**Given information:**
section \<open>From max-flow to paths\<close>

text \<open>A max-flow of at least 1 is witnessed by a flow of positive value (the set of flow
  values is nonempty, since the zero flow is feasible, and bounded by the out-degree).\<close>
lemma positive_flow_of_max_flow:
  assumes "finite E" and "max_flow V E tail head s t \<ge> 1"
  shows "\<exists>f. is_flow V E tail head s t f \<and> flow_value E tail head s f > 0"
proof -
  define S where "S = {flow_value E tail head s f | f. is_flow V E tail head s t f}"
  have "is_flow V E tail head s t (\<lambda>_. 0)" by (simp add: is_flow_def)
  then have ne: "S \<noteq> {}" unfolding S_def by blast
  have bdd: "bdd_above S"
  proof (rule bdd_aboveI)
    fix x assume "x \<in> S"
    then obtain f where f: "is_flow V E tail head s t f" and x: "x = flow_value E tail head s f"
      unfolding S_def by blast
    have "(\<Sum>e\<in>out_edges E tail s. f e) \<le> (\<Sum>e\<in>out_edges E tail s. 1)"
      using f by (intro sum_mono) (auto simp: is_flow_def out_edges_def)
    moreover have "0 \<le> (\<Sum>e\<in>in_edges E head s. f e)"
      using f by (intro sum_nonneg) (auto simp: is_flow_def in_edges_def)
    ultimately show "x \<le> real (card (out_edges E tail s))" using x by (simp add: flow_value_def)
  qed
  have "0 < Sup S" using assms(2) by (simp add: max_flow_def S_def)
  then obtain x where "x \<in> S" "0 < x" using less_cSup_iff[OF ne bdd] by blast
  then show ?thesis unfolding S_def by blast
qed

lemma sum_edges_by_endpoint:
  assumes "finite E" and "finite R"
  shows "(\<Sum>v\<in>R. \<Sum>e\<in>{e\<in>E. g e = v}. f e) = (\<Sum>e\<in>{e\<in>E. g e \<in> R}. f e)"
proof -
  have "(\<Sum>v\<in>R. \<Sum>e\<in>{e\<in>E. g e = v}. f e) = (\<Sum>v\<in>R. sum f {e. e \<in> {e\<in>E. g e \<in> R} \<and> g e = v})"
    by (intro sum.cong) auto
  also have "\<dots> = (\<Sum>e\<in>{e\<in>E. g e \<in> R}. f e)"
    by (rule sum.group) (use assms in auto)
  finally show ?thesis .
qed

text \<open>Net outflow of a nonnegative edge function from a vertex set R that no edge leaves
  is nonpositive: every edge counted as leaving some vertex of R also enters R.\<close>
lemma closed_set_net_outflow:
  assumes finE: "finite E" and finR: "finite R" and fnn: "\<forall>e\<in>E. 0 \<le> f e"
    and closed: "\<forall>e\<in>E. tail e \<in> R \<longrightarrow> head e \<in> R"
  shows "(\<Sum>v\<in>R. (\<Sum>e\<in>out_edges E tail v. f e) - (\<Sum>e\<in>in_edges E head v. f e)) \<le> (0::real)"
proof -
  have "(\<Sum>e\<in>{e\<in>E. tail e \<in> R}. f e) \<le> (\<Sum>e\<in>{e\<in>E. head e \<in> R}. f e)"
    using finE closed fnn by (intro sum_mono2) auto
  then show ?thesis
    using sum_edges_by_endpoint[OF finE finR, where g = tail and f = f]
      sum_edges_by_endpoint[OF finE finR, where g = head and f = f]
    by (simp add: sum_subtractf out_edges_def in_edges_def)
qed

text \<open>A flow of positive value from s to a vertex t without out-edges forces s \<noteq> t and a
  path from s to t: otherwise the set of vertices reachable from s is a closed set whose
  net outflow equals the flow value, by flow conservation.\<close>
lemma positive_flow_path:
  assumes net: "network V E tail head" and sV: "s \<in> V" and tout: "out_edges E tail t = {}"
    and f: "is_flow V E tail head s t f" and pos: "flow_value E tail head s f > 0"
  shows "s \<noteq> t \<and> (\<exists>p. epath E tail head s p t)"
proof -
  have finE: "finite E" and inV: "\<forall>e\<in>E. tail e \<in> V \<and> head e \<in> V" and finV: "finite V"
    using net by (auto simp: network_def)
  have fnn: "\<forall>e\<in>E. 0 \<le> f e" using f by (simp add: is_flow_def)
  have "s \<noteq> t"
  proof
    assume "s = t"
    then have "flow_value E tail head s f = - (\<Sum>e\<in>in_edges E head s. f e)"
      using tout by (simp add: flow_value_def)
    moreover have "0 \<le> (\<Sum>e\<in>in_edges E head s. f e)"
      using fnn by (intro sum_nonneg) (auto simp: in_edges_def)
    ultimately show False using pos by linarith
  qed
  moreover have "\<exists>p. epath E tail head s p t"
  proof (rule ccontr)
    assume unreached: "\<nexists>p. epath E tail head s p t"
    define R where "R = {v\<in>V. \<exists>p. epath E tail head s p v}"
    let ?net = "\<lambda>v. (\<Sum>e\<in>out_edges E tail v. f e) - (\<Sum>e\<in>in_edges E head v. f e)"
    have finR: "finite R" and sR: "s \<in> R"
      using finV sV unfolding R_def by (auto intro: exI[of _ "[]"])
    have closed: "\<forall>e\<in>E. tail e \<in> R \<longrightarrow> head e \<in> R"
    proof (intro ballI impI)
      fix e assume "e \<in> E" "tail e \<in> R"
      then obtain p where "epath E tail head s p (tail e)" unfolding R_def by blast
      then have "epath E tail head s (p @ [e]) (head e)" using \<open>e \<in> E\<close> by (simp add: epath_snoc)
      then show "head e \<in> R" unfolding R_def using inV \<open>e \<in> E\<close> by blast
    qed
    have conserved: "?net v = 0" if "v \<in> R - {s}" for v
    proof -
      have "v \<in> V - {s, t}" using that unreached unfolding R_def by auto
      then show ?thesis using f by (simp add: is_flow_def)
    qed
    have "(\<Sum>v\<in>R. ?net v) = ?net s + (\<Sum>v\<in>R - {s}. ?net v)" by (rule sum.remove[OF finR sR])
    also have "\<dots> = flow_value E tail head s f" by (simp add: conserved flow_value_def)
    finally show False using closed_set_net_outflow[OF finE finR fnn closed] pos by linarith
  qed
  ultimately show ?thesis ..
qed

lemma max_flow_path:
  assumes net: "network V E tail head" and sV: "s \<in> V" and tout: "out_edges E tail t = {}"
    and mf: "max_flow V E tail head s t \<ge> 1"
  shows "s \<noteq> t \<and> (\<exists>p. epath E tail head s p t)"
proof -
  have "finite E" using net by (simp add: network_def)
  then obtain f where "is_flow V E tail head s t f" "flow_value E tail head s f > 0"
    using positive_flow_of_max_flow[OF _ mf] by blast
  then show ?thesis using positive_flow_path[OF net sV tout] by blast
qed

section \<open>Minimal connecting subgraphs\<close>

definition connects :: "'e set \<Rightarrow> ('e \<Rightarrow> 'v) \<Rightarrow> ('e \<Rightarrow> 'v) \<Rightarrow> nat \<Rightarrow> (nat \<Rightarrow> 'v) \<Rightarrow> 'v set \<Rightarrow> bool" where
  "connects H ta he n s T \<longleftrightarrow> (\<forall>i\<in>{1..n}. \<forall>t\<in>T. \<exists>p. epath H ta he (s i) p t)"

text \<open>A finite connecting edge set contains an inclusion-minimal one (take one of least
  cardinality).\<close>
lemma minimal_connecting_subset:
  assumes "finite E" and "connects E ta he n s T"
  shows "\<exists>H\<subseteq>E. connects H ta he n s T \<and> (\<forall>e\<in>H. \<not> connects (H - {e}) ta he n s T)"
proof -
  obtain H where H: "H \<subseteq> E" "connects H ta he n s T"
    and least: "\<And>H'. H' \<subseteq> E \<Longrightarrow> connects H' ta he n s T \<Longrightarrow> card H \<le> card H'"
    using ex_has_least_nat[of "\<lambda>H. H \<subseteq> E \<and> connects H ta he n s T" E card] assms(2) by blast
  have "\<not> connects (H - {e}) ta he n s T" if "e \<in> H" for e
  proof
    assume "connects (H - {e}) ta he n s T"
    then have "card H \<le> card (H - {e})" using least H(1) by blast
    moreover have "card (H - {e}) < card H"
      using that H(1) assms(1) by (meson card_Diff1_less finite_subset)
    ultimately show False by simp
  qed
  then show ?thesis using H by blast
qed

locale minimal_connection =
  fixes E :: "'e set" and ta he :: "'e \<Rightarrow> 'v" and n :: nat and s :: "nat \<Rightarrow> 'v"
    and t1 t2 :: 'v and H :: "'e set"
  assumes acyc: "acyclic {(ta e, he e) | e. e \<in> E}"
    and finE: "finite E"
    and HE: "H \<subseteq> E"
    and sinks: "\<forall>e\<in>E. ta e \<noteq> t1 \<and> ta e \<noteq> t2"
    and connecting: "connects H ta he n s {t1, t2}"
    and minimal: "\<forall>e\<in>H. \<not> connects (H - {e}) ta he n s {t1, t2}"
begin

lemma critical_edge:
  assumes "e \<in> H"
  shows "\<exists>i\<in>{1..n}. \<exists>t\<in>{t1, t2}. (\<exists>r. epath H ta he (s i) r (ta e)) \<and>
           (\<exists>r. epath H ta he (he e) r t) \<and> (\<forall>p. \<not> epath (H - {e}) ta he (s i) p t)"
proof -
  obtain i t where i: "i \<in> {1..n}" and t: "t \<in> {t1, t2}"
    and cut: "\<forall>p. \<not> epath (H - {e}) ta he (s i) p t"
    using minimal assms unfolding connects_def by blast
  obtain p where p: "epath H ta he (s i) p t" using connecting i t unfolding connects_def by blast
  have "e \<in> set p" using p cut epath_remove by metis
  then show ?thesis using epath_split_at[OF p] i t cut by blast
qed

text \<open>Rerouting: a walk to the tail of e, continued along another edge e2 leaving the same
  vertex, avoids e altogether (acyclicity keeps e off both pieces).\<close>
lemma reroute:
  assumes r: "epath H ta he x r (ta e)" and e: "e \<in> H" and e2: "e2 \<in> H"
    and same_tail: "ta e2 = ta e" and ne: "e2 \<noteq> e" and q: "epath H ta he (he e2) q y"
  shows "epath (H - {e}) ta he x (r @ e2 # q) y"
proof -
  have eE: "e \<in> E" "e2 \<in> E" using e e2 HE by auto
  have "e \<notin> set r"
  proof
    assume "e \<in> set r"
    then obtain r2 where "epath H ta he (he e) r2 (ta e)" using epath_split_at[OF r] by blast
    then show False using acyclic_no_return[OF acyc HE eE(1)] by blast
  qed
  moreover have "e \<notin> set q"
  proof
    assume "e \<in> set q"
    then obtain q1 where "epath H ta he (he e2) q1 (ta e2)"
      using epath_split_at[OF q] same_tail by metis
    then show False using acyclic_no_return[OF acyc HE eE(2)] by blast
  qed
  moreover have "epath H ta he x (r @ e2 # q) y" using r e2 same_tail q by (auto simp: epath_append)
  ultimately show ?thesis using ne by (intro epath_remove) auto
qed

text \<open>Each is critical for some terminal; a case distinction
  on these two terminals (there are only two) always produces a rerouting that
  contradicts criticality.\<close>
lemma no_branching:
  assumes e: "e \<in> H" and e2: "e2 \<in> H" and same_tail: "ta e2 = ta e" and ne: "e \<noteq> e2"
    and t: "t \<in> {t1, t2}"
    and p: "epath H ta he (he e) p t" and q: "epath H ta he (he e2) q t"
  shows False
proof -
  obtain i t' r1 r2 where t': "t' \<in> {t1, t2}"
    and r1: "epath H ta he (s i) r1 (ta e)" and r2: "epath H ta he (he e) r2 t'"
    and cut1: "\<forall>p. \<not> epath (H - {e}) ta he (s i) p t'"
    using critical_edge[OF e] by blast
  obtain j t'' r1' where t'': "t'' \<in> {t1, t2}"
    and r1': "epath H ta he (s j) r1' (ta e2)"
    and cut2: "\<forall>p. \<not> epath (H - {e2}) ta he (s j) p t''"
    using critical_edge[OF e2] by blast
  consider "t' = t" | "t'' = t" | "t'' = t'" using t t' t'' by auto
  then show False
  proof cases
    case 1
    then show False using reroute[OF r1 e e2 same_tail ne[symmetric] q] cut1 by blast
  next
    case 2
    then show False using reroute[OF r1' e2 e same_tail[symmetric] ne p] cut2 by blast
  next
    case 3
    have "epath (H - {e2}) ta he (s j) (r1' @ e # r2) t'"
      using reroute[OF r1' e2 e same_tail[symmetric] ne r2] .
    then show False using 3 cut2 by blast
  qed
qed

**Task objective:** Given the records above, return exactly the lines starting at the line containing "obtain H where" and ending at the line containing "obtain i t where", including both.

**Reply:**
  obtain H where H: "H \<subseteq> E" "connects H ta he n s T"
    and least: "\<And>H'. H' \<subseteq> E \<Longrightarrow> connects H' ta he n s T \<Longrightarrow> card H \<le> card H'"
    using ex_has_least_nat[of "\<lambda>H. H \<subseteq> E \<and> connects H ta he n s T" E card] assms(2) by blast
  have "\<not> connects (H - {e}) ta he n s T" if "e \<in> H" for e
  proof
    assume "connects (H - {e}) ta he n s T"
    then have "card H \<le> card (H - {e})" using least H(1) by blast
    moreover have "card (H - {e}) < card H"
      using that H(1) assms(1) by (meson card_Diff1_less finite_subset)
    ultimately show False by simp
  qed
  then show ?thesis using H by blast
qed

locale minimal_connection =
  fixes E :: "'e set" and ta he :: "'e \<Rightarrow> 'v" and n :: nat and s :: "nat \<Rightarrow> 'v"
    and t1 t2 :: 'v and H :: "'e set"
  assumes acyc: "acyclic {(ta e, he e) | e. e \<in> E}"
    and finE: "finite E"
    and HE: "H \<subseteq> E"
    and sinks: "\<forall>e\<in>E. ta e \<noteq> t1 \<and> ta e \<noteq> t2"
    and connecting: "connects H ta he n s {t1, t2}"
    and minimal: "\<forall>e\<in>H. \<not> connects (H - {e}) ta he n s {t1, t2}"
begin

lemma critical_edge:
  assumes "e \<in> H"
  shows "\<exists>i\<in>{1..n}. \<exists>t\<in>{t1, t2}. (\<exists>r. epath H ta he (s i) r (ta e)) \<and>
           (\<exists>r. epath H ta he (he e) r t) \<and> (\<forall>p. \<not> epath (H - {e}) ta he (s i) p t)"
proof -
  obtain i t where i: "i \<in> {1..n}" and t: "t \<in> {t1, t2}"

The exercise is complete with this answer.